Spirit staff and players will maintain their offices and training facilities at the SoccerPlex next season, but plan to move their operation to Loudoun County after a new training center is completed. The team will share Segra Field and the training facility with Loudoun United.
“Honestly, I think coming into it, my first question was, ‘Are we going to be second-class citizens? Are we going to be the second team to the processional men’s team?’ They are absolutely not doing that,” says Tori Huster, who has been with the Spirit since the team’s inaugural season in 2013. “They are seeing us as equals. I know they treat Loudoun United just as well. Especially if we are going to all be in the same building, it is really important to have camaraderie with them and have a family atmosphere. I definitely feel like that is possible.”

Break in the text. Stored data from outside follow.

end

theory Submission
  imports Defs
begin

text \<open>
  An upper bound for the Schur norm of \<open>B\<close> comes from a factorization
  \<open>B i j = (\<Sum>k. d k * U i k * V j k)\<close> with \<open>d \<ge> 0\<close>: the \<open>i\<close>-th entry of
  \<open>(B \<bullet> X) y\<close> is \<open>\<Sum>k. d k * U i k * (X w\<^sub>k) i\<close> where \<open>w\<^sub>k j = V j k * y j\<close>, so a weighted
  Cauchy-Schwarz inequality and \<open>\<parallel>X\<parallel> \<le> 1\<close> bound \<open>\<parallel>B\<parallel>\<^sub>\<bullet>\<^sup>2\<close> by the product of the largest
  weighted squared row norms of \<open>U\<close> and of \<open>V\<close>; an explicit factorization gives
  \<open>144/95 \<approx> 1.516\<close>. A lower bound for \<open>A\<close> comes from testing with a real orthogonal
  matrix, which is a contraction over \<open>\<complex>\<close> as well: for a suitable \<open>R\<close> and
  \<open>y = (2,1,1,1)\<close> one gets \<open>\<parallel>(A \<bullet> R) y\<parallel>\<^sup>2 / \<parallel>y\<parallel>\<^sup>2 = 4727/3087 \<approx> 1.531\<close>.
\<close>

lemma norm_vec_power2: "(norm x)\<^sup>2 = (\<Sum>i\<in>UNIV. (norm (x $ i))\<^sup>2)"
  by (simp add: norm_vec_def L2_set_def sum_nonneg)

lemma norm_matrix_vector_mult_le_contraction:
  fixes X :: "'a::{real_normed_field,euclidean_space}^'n^'m"
  assumes "mat_opnorm X \<le> 1"
  shows "norm (X *v x) \<le> norm x"
proof -
  have "norm (X *v x) \<le> mat_opnorm X * norm x"
    unfolding mat_opnorm_def by (rule onorm) simp
  also have "\<dots> \<le> norm x"
    using mult_right_mono[OF assms norm_ge_zero] by simp
  finally show ?thesis .
qed

lemma mat_opnorm_le:
  fixes X :: "'a::{real_normed_field,euclidean_space}^'n^'m"
  assumes "\<And>x. norm (X *v x) \<le> c * norm x"
  shows "mat_opnorm X \<le> c"
  unfolding mat_opnorm_def by (rule onorm_le) (rule assms)

lemma norm_matrix_vector_mult_div_le_mat_opnorm:
  fixes X :: "'a::{real_normed_field,euclidean_space}^'n^'m"
  shows "norm (X *v y) / norm y \<le> mat_opnorm X"
  unfolding mat_opnorm_def by (rule le_onorm) simp

lemma weighted_Cauchy_Schwarz_norm:
  fixes u z :: "'k \<Rightarrow> 'a::real_normed_field"
  assumes d: "\<And>k. k \<in> K \<Longrightarrow> 0 \<le> d k"
  shows "(norm (\<Sum>k\<in>K. of_real (d k) * u k * z k))\<^sup>2
         \<le> (\<Sum>k\<in>K. d k * (norm (u k))\<^sup>2) * (\<Sum>k\<in>K. d k * (norm (z k))\<^sup>2)"
proof -
  have "norm (\<Sum>k\<in>K. of_real (d k) * u k * z k)
        \<le> (\<Sum>k\<in>K. (sqrt (d k) * norm (u k)) * (sqrt (d k) * norm (z k)))"
  proof (rule order_trans[OF norm_sum sum_mono])
    fix k assume "k \<in> K"
    show "norm (of_real (d k) * u k * z k) \<le> (sqrt (d k) * norm (u k)) * (sqrt (d k) * norm (z k))"
    proof -
      have "(sqrt (d k) * norm (u k)) * (sqrt (d k) * norm (z k))
            = (sqrt (d k) * sqrt (d k)) * (norm (u k) * norm (z k))"
        by (simp only: ac_simps)
      also have "\<dots> = norm (of_real (d k) * u k * z k)"
        using d \<open>k \<in> K\<close> by (simp add: norm_mult)
      finally show ?thesis by simp
    qed
  qed
  then have "(norm (\<Sum>k\<in>K. of_real (d k) * u k * z k))\<^sup>2
        \<le> (\<Sum>k\<in>K. (sqrt (d k) * norm (u k)) * (sqrt (d k) * norm (z k)))\<^sup>2"
    by (rule power_mono) simp
  also have "\<dots> \<le> (\<Sum>k\<in>K. (sqrt (d k) * norm (u k))\<^sup>2) * (\<Sum>k\<in>K. (sqrt (d k) * norm (z k))\<^sup>2)"
    by (rule Cauchy_Schwarz_ineq_sum)
  also have "\<dots> = (\<Sum>k\<in>K. d k * (norm (u k))\<^sup>2) * (\<Sum>k\<in>K. d k * (norm (z k))\<^sup>2)"
    using d by (simp add: power_mult_distrib)
  finally show ?thesis .
qed

lemma schur_prod_factorization_mult_vec:
  fixes X :: "'a::real_normed_field^'n^'m"
  assumes "\<And>i j. M$i$j = (\<Sum>k\<in>UNIV. of_real (d k) * U i k * V j k)"
  shows "(schur_prod M X *v y)$i
         = (\<Sum>k\<in>UNIV. of_real (d k) * U i k * (X *v (\<chi> j. V j k * y$j))$i)"
proof -
  have "(schur_prod M X *v y)$i
        = (\<Sum>j\<in>UNIV. \<Sum>k\<in>UNIV. of_real (d k) * U i k * (X$i$j * (V j k * y$j)))"
    by (simp add: matrix_vector_mult_def schur_prod_def assms sum_distrib_left sum_distrib_right mult_ac)
  also have "\<dots> = (\<Sum>k\<in>UNIV. \<Sum>j\<in>UNIV. of_real (d k) * U i k * (X$i$j * (V j k * y$j)))"
    by (rule sum.swap)
  finally show ?thesis
    by (simp add: matrix_vector_mult_def sum_distrib_left)
qed

lemma mat_opnorm_schur_prod_factorization_le:
  fixes M X :: "'a::{real_normed_field,euclidean_space}^'n^'m"
    and U :: "'m \<Rightarrow> 'k::finite \<Rightarrow> 'a" and V :: "'n \<Rightarrow> 'k \<Rightarrow> 'a"
  assumes M: "\<And>i j. M$i$j = (\<Sum>k\<in>UNIV. of_real (d k) * U i k * V j k)"
    and d: "\<And>k. 0 \<le> d k"
    and a: "\<And>i. (\<Sum>k\<in>UNIV. d k * (norm (U i k))\<^sup>2) \<le> a"
    and b: "\<And>j. (\<Sum>k\<in>UNIV. d k * (norm (V j k))\<^sup>2) \<le> b"
    and X: "mat_opnorm X \<le> 1"
  shows "mat_opnorm (schur_prod M X) \<le> sqrt (a * b)"
proof (rule mat_opnorm_le)
  fix y :: "'a^'n"
  define w where "w k = (\<chi> j. V j k * y$j)" for k
  have a0: "0 \<le> a" and b0: "0 \<le> b"
    using order_trans[OF sum_nonneg a] order_trans[OF sum_nonneg b] d by auto
  have "(norm (schur_prod M X *v y))\<^sup>2
        = (\<Sum>i\<in>UNIV. (norm (\<Sum>k\<in>UNIV. of_real (d k) * U i k * (X *v w k)$i))\<^sup>2)"
    by (simp add: norm_vec_power2 schur_prod_factorization_mult_vec[OF M] w_def)
  also have "\<dots> \<le> (\<Sum>i\<in>UNIV. a * (\<Sum>k\<in>UNIV. d k * (norm ((X *v w k)$i))\<^sup>2))"
    by (intro sum_mono order_trans[OF weighted_Cauchy_Schwarz_norm] mult_right_mono a
        sum_nonneg mult_nonneg_nonneg d) simp_all
  also have "\<dots> = a * (\<Sum>k\<in>UNIV. \<Sum>i\<in>UNIV. d k * (norm ((X *v w k)$i))\<^sup>2)"
    by (simp add: sum_distrib_left[symmetric] sum.swap[of _ UNIV UNIV])
  also have "\<dots> = a * (\<Sum>k\<in>UNIV. d k * (norm (X *v w k))\<^sup>2)"
    by (simp add: norm_vec_power2 sum_distrib_left)
  also have "\<dots> \<le> a * (\<Sum>k\<in>UNIV. d k * (norm (w k))\<^sup>2)"
    using norm_matrix_vector_mult_le_contraction[OF X]
    by (intro mult_left_mono[OF sum_mono a0] mult_left_mono[OF power_mono d]) simp_all
  also have "(\<Sum>k\<in>UNIV. d k * (norm (w k))\<^sup>2)
             = (\<Sum>j\<in>UNIV. (norm (y$j))\<^sup>2 * (\<Sum>k\<in>UNIV. d k * (norm (V j k))\<^sup>2))"
    by (simp add: w_def norm_vec_power2 norm_mult power_mult_distrib sum_distrib_left
        sum.swap[of "\<lambda>k j. d k * _ k j"] mult_ac)
  also have "\<dots> \<le> (\<Sum>j\<in>UNIV. (norm (y$j))\<^sup>2 * b)"
    by (intro sum_mono mult_left_mono b) simp
  also have "\<dots> = b * (norm y)\<^sup>2"
    by (simp add: norm_vec_power2 sum_distrib_left mult.commute)
  finally have "(norm (schur_prod M X *v y))\<^sup>2 \<le> (sqrt (a * b) * norm y)\<^sup>2"
    using a0 b0 by (simp add: power_mult_distrib mult_left_mono mult.assoc)
  then show "norm (schur_prod M X *v y) \<le> sqrt (a * b) * norm y"
    by (rule power2_le_imp_le) (simp add: a0 b0)
qed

But there are still logistical issues to be worked out. While the SoccerPlex and Audi Field use natural grass, Segra Field has artificial turf. The majority of players prefer to play on grass. The new training facility will have both turf and grass fields.

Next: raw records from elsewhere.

text \<open>Processing column j keeps the up/down pattern: the inserted rows are larger
  than brow j and smaller than j, and j exceeds brow j.\<close>
lemma xi_step_adj:
  assumes j: "j \<in> C" "j \<le> m" and AB: "set (A @ brow j # B) = placed m"
    and adj: "successively adj_ok (A @ brow j # B)"
  shows "successively adj_ok (A @ sorted_list_of_set (wrows j) @ j # brow j # B)"
proof -
  let ?G = "sorted_list_of_set (wrows j)" and ?t = "brow j"
  have setG: "set ?G = wrows j" using finite_wrows by simp
  have tR: "?t \<in> R" using black_lt[OF j(1)] by simp
  have G: "g \<in> R \<and> g < j \<and> ?t < g" if "g \<in> set ?G" for g
    using wrows_facts that setG by blast
  have sucG: "successively adj_ok ?G"
  proof (rule successively_if_sorted_wrt)
    show "sorted_wrt adj_ok ?G"
      by (rule sorted_wrt_mono_rel[OF _ strict_sorted_list_of_set]) (use G in \<open>auto simp: adj_ok_def\<close>)
  qed
  have sucB: "successively adj_ok (?t # B)" using adj by (auto simp: successively_append_iff)
  have sucGjB: "successively adj_ok (?G @ j # ?t # B)"
    using sucG sucB tR col_not_row[OF j(1)] black_lt[OF j(1)] G[of "last ?G"]
    by (auto simp: successively_append_iff adj_ok_def)
  define h where "h = hd (?G @ j # ?t # B)"
  have h: "?t < h \<and> h \<le> j"
  proof (cases ?G)
    case (Cons g G')
    then show ?thesis using G[of g] by (simp add: h_def)
  qed (use black_lt[OF j(1)] in \<open>simp add: h_def\<close>)
  have last_A: "adj_ok (last A) h" if "A \<noteq> []"
  proof (cases "last A \<in> R")
    case True
    have "adj_ok (last A) ?t" using adj that by (simp add: successively_append_iff)
    then have "last A < ?t" using True by (simp add: adj_ok_def)
    then have "last A < h" using h by linarith
    then show ?thesis unfolding adj_ok_def using True by blast
  next
    case False
    have "last A \<in> set (A @ ?t # B)" using that by simp
    then have "last A \<in> placed m" using AB by blast
    then have "m < last A" using False by (auto simp: placed_def unrestricted_row_def restricted_row_def)
    then have "h < last A" using h j(2) by linarith
    then show ?thesis unfolding adj_ok_def using False by blast
  qed
  show ?thesis
    using adj sucGjB last_A unfolding h_def by (auto simp: successively_append_iff)
qed

lemma xi_step_inv:
  assumes j: "j \<in> C" "j \<le> m" and gap: "\<forall>c\<in>C. j < c \<longrightarrow> m < c" and I: "xi_inv m W"
  shows "xi_inv (j - 1) (xi_step n R f j W)"
proof -
  let ?G = "sorted_list_of_set (wrows j)" and ?t = "brow j"
  have dist: "distinct W" and setW: "set W = placed m" and sorted: "sorted_wrt (\<lambda>a b. key a < key b) W"
    and adj: "successively adj_ok W" and last: "W \<noteq> [] \<longrightarrow> last W \<in> R"
    using I by (auto simp: xi_inv_def)
  obtain A B where W: "W = A @ ?t # B"
    using brow_placed[OF j(1) gap] setW by (metis split_list)
  have jW: "j \<notin> set W" using placed_step(2)[OF j gap] setW by simp
  have new: "xi_step n R f j W = A @ ?G @ j # ?t # B"
    using xi_step_split[of j A B] jW dist W by simp
  have "set (A @ ?G @ j # ?t # B) = placed (j - 1)"
    using placed_step(1)[OF j gap] setW W finite_wrows by auto
  moreover have "distinct (A @ ?G @ j # ?t # B)"
    using dist W jW placed_step(3)[OF j gap] setW finite_wrows wrows_facts col_not_row[OF j(1)]
    by auto
  moreover have "sorted_wrt (\<lambda>a b. key a < key b) (A @ ?G @ j # ?t # B)"
    using xi_step_sorted[OF j] setW sorted W by simp
  moreover have "successively adj_ok (A @ ?G @ j # ?t # B)"
    using xi_step_adj[OF j] setW adj W by simp
  moreover have "last (A @ ?G @ j # ?t # B) \<in> R" using last W by simp
  ultimately show ?thesis unfolding xi_inv_def new by simp
qed

lemma fold_xi_step_inv:
  "sorted_wrt (>) cs \<Longrightarrow> set cs = {c \<in> C. c \<le> m} \<Longrightarrow> xi_inv m W \<Longrightarrow> xi_inv 0 (fold (xi_step n R f) cs W)"
proof (induction cs arbitrary: m W)
  case Nil
  have "placed m = placed 0"
  proof -
    have nc: "\<And>c. c \<in> C \<Longrightarrow> m < c" using Nil.prems(2) by (metis (mono_tags, lifting) empty_iff empty_set mem_Collect_eq not_le_imp_less)
    have c0: "\<And>c. c \<in> C \<Longrightarrow> 0 < c" by (simp add: cols_def)
    have "\<And>i. rrow i \<Longrightarrow> wcol i \<in> C" using white_facts by blast
    then show ?thesis unfolding placed_def using nc c0 by blast
  qed
  then show ?case using Nil.prems(3) by (simp add: xi_inv_def)
next
  case (Cons j cs)
  have jC: "j \<in> C" "j \<le> m" using Cons.prems(2) by auto
  have csj: "\<And>c. c \<in> set cs \<Longrightarrow> c < j" using Cons.prems(1) by simp
  have gap: "\<forall>c\<in>C. j < c \<longrightarrow> m < c"
  proof (intro ballI impI)
    fix c assume c: "c \<in> C" "j < c"
    show "m < c"
    proof (rule ccontr)
      assume "\<not> m < c"
      then have "c \<in> set (j # cs)" using Cons.prems(2) c by auto
      then have "c \<in> set cs" using c by auto
      then have "c < j" by (rule csj)
      then show False using c by simp
    qed
  qed
  have set': "set cs = {c \<in> C. c \<le> j - 1}"
  proof (intro set_eqI iffI)
    fix c assume c: "c \<in> set cs"
    then have "c < j" "c \<in> C" using csj Cons.prems(2) by auto
    then show "c \<in> {c \<in> C. c \<le> j - 1}" by auto
  next
    fix c assume "c \<in> {c \<in> C. c \<le> j - 1}"
    then have c: "c \<in> C" "c < j" using jC by (auto simp: cols_def)
    then have "c \<in> set (j # cs)" using Cons.prems(2) jC by auto
    then show "c \<in> set cs" using c by auto
  qed
  have "xi_inv (j - 1) (xi_step n R f j W)" using xi_step_inv[OF jC gap Cons.prems(3)] .
  then show ?case using Cons.IH[OF _ set'] Cons.prems(1) by simp
qed

lemma placed_n: "placed n = {x. urow x}"
proof -
  have "\<And>c. c \<in> C \<Longrightarrow> c \<le> n" by (simp add: cols_def)
  moreover have "\<And>i. rrow i \<Longrightarrow> wcol i \<le> n" using white_facts by (fastforce simp: cols_def)
  ultimately show ?thesis unfolding placed_def by force
qed

lemma placed_0: "placed 0 = {1..n}"
proof -
  have "{1..n} = R \<union> C" using R_subset by (auto simp: cols_def)
  moreover have "R = {x. urow x} \<union> {i. rrow i}" using row_cases urow_row rrow_row by blast
  moreover have "\<And>i. rrow i \<Longrightarrow> 0 < wcol i" using white_facts by fastforce
  moreover have "\<And>c. c \<in> C \<Longrightarrow> 0 < c" by (simp add: cols_def)
  ultimately show ?thesis unfolding placed_def by blast
qed

lemma xi_inv_init: "xi_inv n (sorted_list_of_set {x. urow x})"
proof -
  let ?U = "{x. urow x}"
  have fin: "finite ?U" by (rule finite_subset[OF _ finite_subset[OF R_subset]]) (auto simp: urow_row)
  let ?W = "sorted_list_of_set ?U"
  have sW: "sorted_wrt (<) ?W" by (simp add: strict_sorted_list_of_set)
  have setW: "set ?W = ?U" using fin by simp
  have ku: "key u = [u, sentinel]" if "u \<in> set ?W" for u
  proof -
    have "urow u" using that setW by simp
    then show ?thesis using urow_row by (simp add: key_def route_urow enc_def)
  qed
  have s1: "sorted_wrt (\<lambda>a b. key a < key b) ?W"
    by (rule sorted_wrt_mono_rel[OF _ sW]) (simp add: ku)
  have s2: "successively adj_ok ?W"
  proof -
    have "sorted_wrt adj_ok ?W"
      by (rule sorted_wrt_mono_rel[OF _ sW]) (use setW urow_row in \<open>auto simp: adj_ok_def\<close>)
    then show ?thesis by (rule successively_if_sorted_wrt)
  qed
  have s3: "?W \<noteq> [] \<longrightarrow> last ?W \<in> R"
    using setW urow_row last_in_set by blast
  show ?thesis unfolding xi_inv_def using s1 s2 s3 setW placed_n by simp
qed

lemma xi_invariant: "xi_inv 0 (xi n R f)"
proof -
  have finC: "finite C" by (simp add: cols_def)
  have "sorted_wrt (>) (rev (sorted_list_of_set C))"
    by (simp add: sorted_wrt_rev strict_sorted_list_of_set)
  moreover have "set (rev (sorted_list_of_set C)) = {c \<in> C. c \<le> n}" using finC by (auto simp: cols_def)
  ultimately show ?thesis unfolding xi_def using fold_xi_step_inv xi_inv_init by blast
qed

end

section \<open>Comparing alternating paths by their keys\<close>

text \<open>p lies strictly below q, or in the same row strictly to the right
  (column coordinates: smaller label = further right).\<close>
definition below_right :: "nat \<times> nat \<Rightarrow> nat \<times> nat \<Rightarrow> bool" where
  "below_right p q \<longleftrightarrow> fst q < fst p \<or> (fst p = fst q \<and> snd p < snd q)"

context perm_tab
begin

lemma path_gt_below_right:
  "path_gt n R f a b \<longleftrightarrow> below_right (end_pos n R f a b) (end_pos n R f b a)"
  by (simp add: path_gt_def below_right_def Let_def)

“I mean, we don’t like it,” Nielsen says of artificial turf. “I got drafted by Seattle out of college, and we played on turf every game. We would sacrifice … like, playing on turf, skillfully it’s nice, tactically it’s smooth. It’s not the best for our bodies. So at least we’re not practicing on it all day every day, so we can deal with five games, four games on turf.”
Huster, who has worked with a natural grass advisory group, is more optimistic about the situation.
“With the turf field, I think if it is managed properly, it is a suitable playing surface,” she says. “We all want to play on grass, but this is a step in the right direction for the club.”
When the Spirit played its games at Audi Field, it opened up the team to a new demographic of fans. The SoccerPlex maxes out at about 5,300 attendees and is located approximately 36 miles away from Audi Field. It’s not easily accessible via public transportation.
Segra Field is even further away from D.C., has a capacity of 5,000, and is similarly difficult to reach using public transit.
“No disrespect to Segra Field but that doesn’t solve any of the issues for the Spirit and actually create more,” Matt Libber, the executive director of the SoccerPlex, told City Paper in an email last month before any of the details were official. “Segra Field only holds 5,000 people, just like the SoccerPlex. They have an artificial field, where the SoccerPlex has an award-winning pitch routinely called the best in the league, and I believe better than a lot of MLS stadiums. Segra Field is actually further from D.C. than the SoccerPlex and does not have the same population density that Montgomery County has.“
In a separate conversation with City Paper on the day of the announcement, Libber said he understood the Spirit’s decision and wished them well.
“We’ll miss them,” he said. “It’s great having them as a tenant, but if it means the team and the league are successful, then we support them 100 percent. We’ll still be fans here. For some reason if their plans change, we’re here to support them as well.”
During the Tuesday night press conference at the Loudoun County Government Center, Baldwin thanked the Maryland Soccer Foundation and the SoccerPlex, calling them “wonderful partners.”
He added that the announcement “does not end that partnership,” and that he will “continue working with the Plex every year that I am involved with the club.” The team intends to play a preseason match there to maintain its presence.
Baldwin also mentioned that the Spirit will be providing a bus service from Germantown to both Audi Field and Segra Field, and fans outside of Loudoun County can join a program to be reimbursed for the tolls.
Asked if there is a plan to get D.C. fans to both locations, Baldwin replied that it’s something his team can look into.
“We will make it as easy as possible for our fans to come see us,” he said.